As to Count II, (ERISA - statutory penalty, 29 U.S.C. § 1132(c)), the Summary Plan Description designates Defendant Grimm Industries, rather than Marnella, as the Plan Administrator. Consequently, summary judgment will be granted in favor of Defendant Marnella as to this claim. See Erbe v. Billeter, Civil Action No. 06-113, 2007 WL 2905890 at *8 (W.D. Pa. Sept. 28, 2007); Campo v. Oxford Health Plans, Inc., Civil No. 06-4332 (JBS), 2007 WL 1827220 at *5 (D.N.J. June 26, 2007). Summary judgment is DENIED as to the Plaintiff's motion and the motion of Defendants Grimm Industries, Inc. and Beatus M. Grimm, given that the relevant inquiry includes, inter alia, an analysis of the "bad faith or intentional conduct on the part of the administrator." Romero v. SmithKline Beecham, 309 F.3d 113, 120 (3d Cir. 2002).

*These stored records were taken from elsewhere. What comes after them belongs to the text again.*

(* Let $G$ and $H$ be graphs with $\chi_v(G)=\chi_v(H)=t$, and assume every optimal vector coloring of $G$ is injective. Then: (i) every homomorphism $G\to H$ is injective; (ii) if additionally every optimal vector coloring $g\mapsto p_g$ of $G$ satisfies, for all $g,g'\in V(G)$, $\langle p_g,p_{g'}\rangle\le-\frac{1}{t-1}$ if and only if $g\sim_G g'$, then every homomorphism $G\to H$ is an isomorphism from $G$ onto an induced subgraph of $H$.
   Context: A vector $t$-coloring of a graph ($t\ge2$) assigns unit vectors in some $\mathbb{R}^d$ to the vertices so that $\langle p_i,p_j\rangle\le-1/(t-1)$ whenever $i\sim j$. $\chi_v$ is the least $t\ge2$ admitting a vector $t$-coloring; an optimal vector coloring is a vector $\chi_v$-coloring. A vector coloring is injective if distinct vertices receive distinct vectors. A homomorphism is an adjacency-preserving map between vertex sets. *)

theory Defs
  imports Main Complex_Main
begin

definition graph :: "'a set \<Rightarrow> ('a \<Rightarrow> 'a \<Rightarrow> bool) \<Rightarrow> bool" where
  "graph V E \<longleftrightarrow> finite V \<and> (\<forall>u v. E u v \<longrightarrow> u \<in> V \<and> v \<in> V)
     \<and> (\<forall>u v. E u v \<longrightarrow> E v u) \<and> (\<forall>v. \<not> E v v)"

text \<open>Vectors of R^d are represented as functions nat => real that vanish at
indices >= d; the inner product is the sum over i < d.\<close>
definition inner_d :: "nat \<Rightarrow> (nat \<Rightarrow> real) \<Rightarrow> (nat \<Rightarrow> real) \<Rightarrow> real" where
  "inner_d d x y = (\<Sum>i<d. x i * y i)"

definition vector_coloring ::
  "'a set \<Rightarrow> ('a \<Rightarrow> 'a \<Rightarrow> bool) \<Rightarrow> real \<Rightarrow> nat \<Rightarrow> ('a \<Rightarrow> nat \<Rightarrow> real) \<Rightarrow> bool" where
  "vector_coloring V E t d p \<longleftrightarrow> t \<ge> 2
     \<and> (\<forall>v\<in>V. \<forall>i\<ge>d. p v i = 0)
     \<and> (\<forall>v\<in>V. inner_d d (p v) (p v) = 1)
     \<and> (\<forall>u\<in>V. \<forall>v\<in>V. E u v \<longrightarrow> inner_d d (p u) (p v) \<le> - 1 / (t - 1))"

definition chi_v :: "'a set \<Rightarrow> ('a \<Rightarrow> 'a \<Rightarrow> bool) \<Rightarrow> real" where
  "chi_v V E = Inf {t. \<exists>d p. vector_coloring V E t d p}"

definition optimal_vector_coloring ::
  "'a set \<Rightarrow> ('a \<Rightarrow> 'a \<Rightarrow> bool) \<Rightarrow> nat \<Rightarrow> ('a \<Rightarrow> nat \<Rightarrow> real) \<Rightarrow> bool" where
  "optimal_vector_coloring V E d p \<longleftrightarrow> vector_coloring V E (chi_v V E) d p"

definition graph_hom ::
  "'a set \<Rightarrow> ('a \<Rightarrow> 'a \<Rightarrow> bool) \<Rightarrow> 'b set \<Rightarrow> ('b \<Rightarrow> 'b \<Rightarrow> bool) \<Rightarrow> ('a \<Rightarrow> 'b) \<Rightarrow> bool" where
  "graph_hom VG EG VH EH f \<longleftrightarrow> (\<forall>v\<in>VG. f v \<in> VH)
     \<and> (\<forall>u\<in>VG. \<forall>v\<in>VG. EG u v \<longrightarrow> EH (f u) (f v))"

definition induced_embedding ::
  "'a set \<Rightarrow> ('a \<Rightarrow> 'a \<Rightarrow> bool) \<Rightarrow> 'b set \<Rightarrow> ('b \<Rightarrow> 'b \<Rightarrow> bool) \<Rightarrow> ('a \<Rightarrow> 'b) \<Rightarrow> bool" where
  "induced_embedding VG EG VH EH f \<longleftrightarrow> (\<forall>v\<in>VG. f v \<in> VH) \<and> inj_on f VG
     \<and> (\<forall>u\<in>VG. \<forall>v\<in>VG. EG u v \<longleftrightarrow> EH (f u) (f v))"

end

theory Submission
  imports Defs "HOL-Analysis.Analysis"
begin

text \<open>The vector chromatic number of H is attained: the set of admissible t is
closed, because by Gram--Schmidt every vector coloring can be moved isometrically into
dimension |V(H)|, where the unit vectors form a compact set. Composing an optimal
vector coloring q of H with a homomorphism f gives a vector t-coloring of G, hence an
optimal one; its injectivity forces f to be injective, and if its inner products detect
the edges of G then every edge f(g) f(g') of H, having inner product at most -1/(t-1),
comes from an edge g g' of G.\<close>

lemma inner_d_commute: "inner_d d x y = inner_d d y x"
  unfolding inner_d_def by (simp add: mult.commute)

lemma inner_d_self_nonneg: "inner_d d x x \<ge> 0"
  unfolding inner_d_def by (simp add: sum_nonneg)

lemma inner_d_self_eq_0_imp_eq_0: "inner_d d x x = 0 \<Longrightarrow> i < d \<Longrightarrow> x i = 0"
  unfolding inner_d_def using sum_nonneg_eq_0_iff[of "{..<d}" "\<lambda>i. x i * x i"] by simp

lemma inner_d_diff_left: "inner_d d (\<lambda>i. x i - y i) z = inner_d d x z - inner_d d y z"
  unfolding inner_d_def by (simp add: left_diff_distrib sum_subtractf)

lemma inner_d_add_left: "inner_d d (\<lambda>i. x i + y i) z = inner_d d x z + inner_d d y z"
  unfolding inner_d_def by (simp add: distrib_right sum.distrib)

lemma inner_d_divide_left: "inner_d d (\<lambda>i. x i / c) y = inner_d d x y / c"
  unfolding inner_d_def by (simp add: sum_divide_distrib)

lemma inner_d_divide_right: "inner_d d x (\<lambda>i. y i / c) = inner_d d x y / c"
  unfolding inner_d_def by (simp add: sum_divide_distrib)

lemma inner_d_sum_right:
  assumes "\<forall>i<d. y i = (\<Sum>j<k. a j * e j i)"
  shows "inner_d d z y = (\<Sum>j<k. a j * inner_d d z (e j))"
proof -
  have "inner_d d z y = (\<Sum>i<d. \<Sum>j<k. a j * (z i * e j i))"
    unfolding inner_d_def using assms by (intro sum.cong) (auto simp: sum_distrib_left algebra_simps)
  also have "\<dots> = (\<Sum>j<k. a j * inner_d d z (e j))"
    unfolding inner_d_def by (subst sum.swap) (simp add: sum_distrib_left)
  finally show ?thesis .
qed

lemma inner_d_mono_neutral:
  assumes "k \<le> n" "\<forall>i\<ge>k. x i = 0"
  shows "inner_d n x y = inner_d k x y"
  unfolding inner_d_def
  using sum.mono_neutral_right[of "{..<n}" "{..<k}" "\<lambda>i. x i * y i"] assms by auto

definition orthonormal_d :: "nat \<Rightarrow> nat \<Rightarrow> (nat \<Rightarrow> nat \<Rightarrow> real) \<Rightarrow> bool" where
  "orthonormal_d d k e \<longleftrightarrow> (\<forall>j<k. \<forall>j'<k. inner_d d (e j) (e j') = (if j = j' then 1 else 0))"

definition fourier_expansion_d :: "nat \<Rightarrow> nat \<Rightarrow> (nat \<Rightarrow> nat \<Rightarrow> real) \<Rightarrow> (nat \<Rightarrow> real) \<Rightarrow> bool" where
  "fourier_expansion_d d k e x \<longleftrightarrow> (\<forall>i<d. x i = (\<Sum>j<k. inner_d d x (e j) * e j i))"

lemma inner_d_fourier_expansion:
  "fourier_expansion_d d k e x \<Longrightarrow> inner_d d y x = (\<Sum>j<k. inner_d d x (e j) * inner_d d y (e j))"
  unfolding fourier_expansion_d_def by (rule inner_d_sum_right)

lemma orthonormal_d_residual_orthogonal:
  assumes "orthonormal_d d k e" "j < k"
  shows "inner_d d (\<lambda>i. x i - (\<Sum>l<k. inner_d d x (e l) * e l i)) (e j) = 0"
proof -
  have "inner_d d (e j) (\<lambda>i. \<Sum>l<k. inner_d d x (e l) * e l i)
      = (\<Sum>l<k. inner_d d x (e l) * inner_d d (e j) (e l))"
    by (rule inner_d_sum_right) simp
  also have "\<dots> = (\<Sum>l<k. if l = j then inner_d d x (e j) else 0)"
    using assms unfolding orthonormal_d_def by (intro sum.cong) (auto simp: inner_d_commute)
  also have "\<dots> = inner_d d x (e j)"
    using assms(2) by simp
  finally show ?thesis by (simp add: inner_d_diff_left inner_d_commute)
qed

lemma orthonormal_d_extend:
  assumes "orthonormal_d d k e" "\<forall>j<k. inner_d d u (e j) = 0" "inner_d d u u = 1"
  shows "orthonormal_d d (Suc k) (e(k := u))"
  using assms unfolding orthonormal_d_def by (auto simp: less_Suc_eq inner_d_commute)

lemma fourier_expansion_d_extend:
  assumes "fourier_expansion_d d k e x" "inner_d d x u = 0"
  shows "fourier_expansion_d d (Suc k) (e(k := u)) x"
  using assms unfolding fourier_expansion_d_def by (auto intro!: sum.cong)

Accordingly, this 16th day of February, 2010, IT IS ORDERED that the motions for summary judgment filed by Plaintiff R. David Liebau [40] and Defendants Grimm Industries, Inc. and Beatus M. Grimm [38] be, and hereby are, DENIED.

IT IS FURTHER ORDERED that the motion for summary judgment filed by Defendant Philip J. Marnella [39] be, and hereby is, GRANTED as to Count II of the Second Amended Complaint and DENIED in all other respects.

JUDGMENT is hereby entered in favor of Defendant Philip J. Marnella and against Plaintiff R. David Liebau as to Count II of the Second Amended Complaint.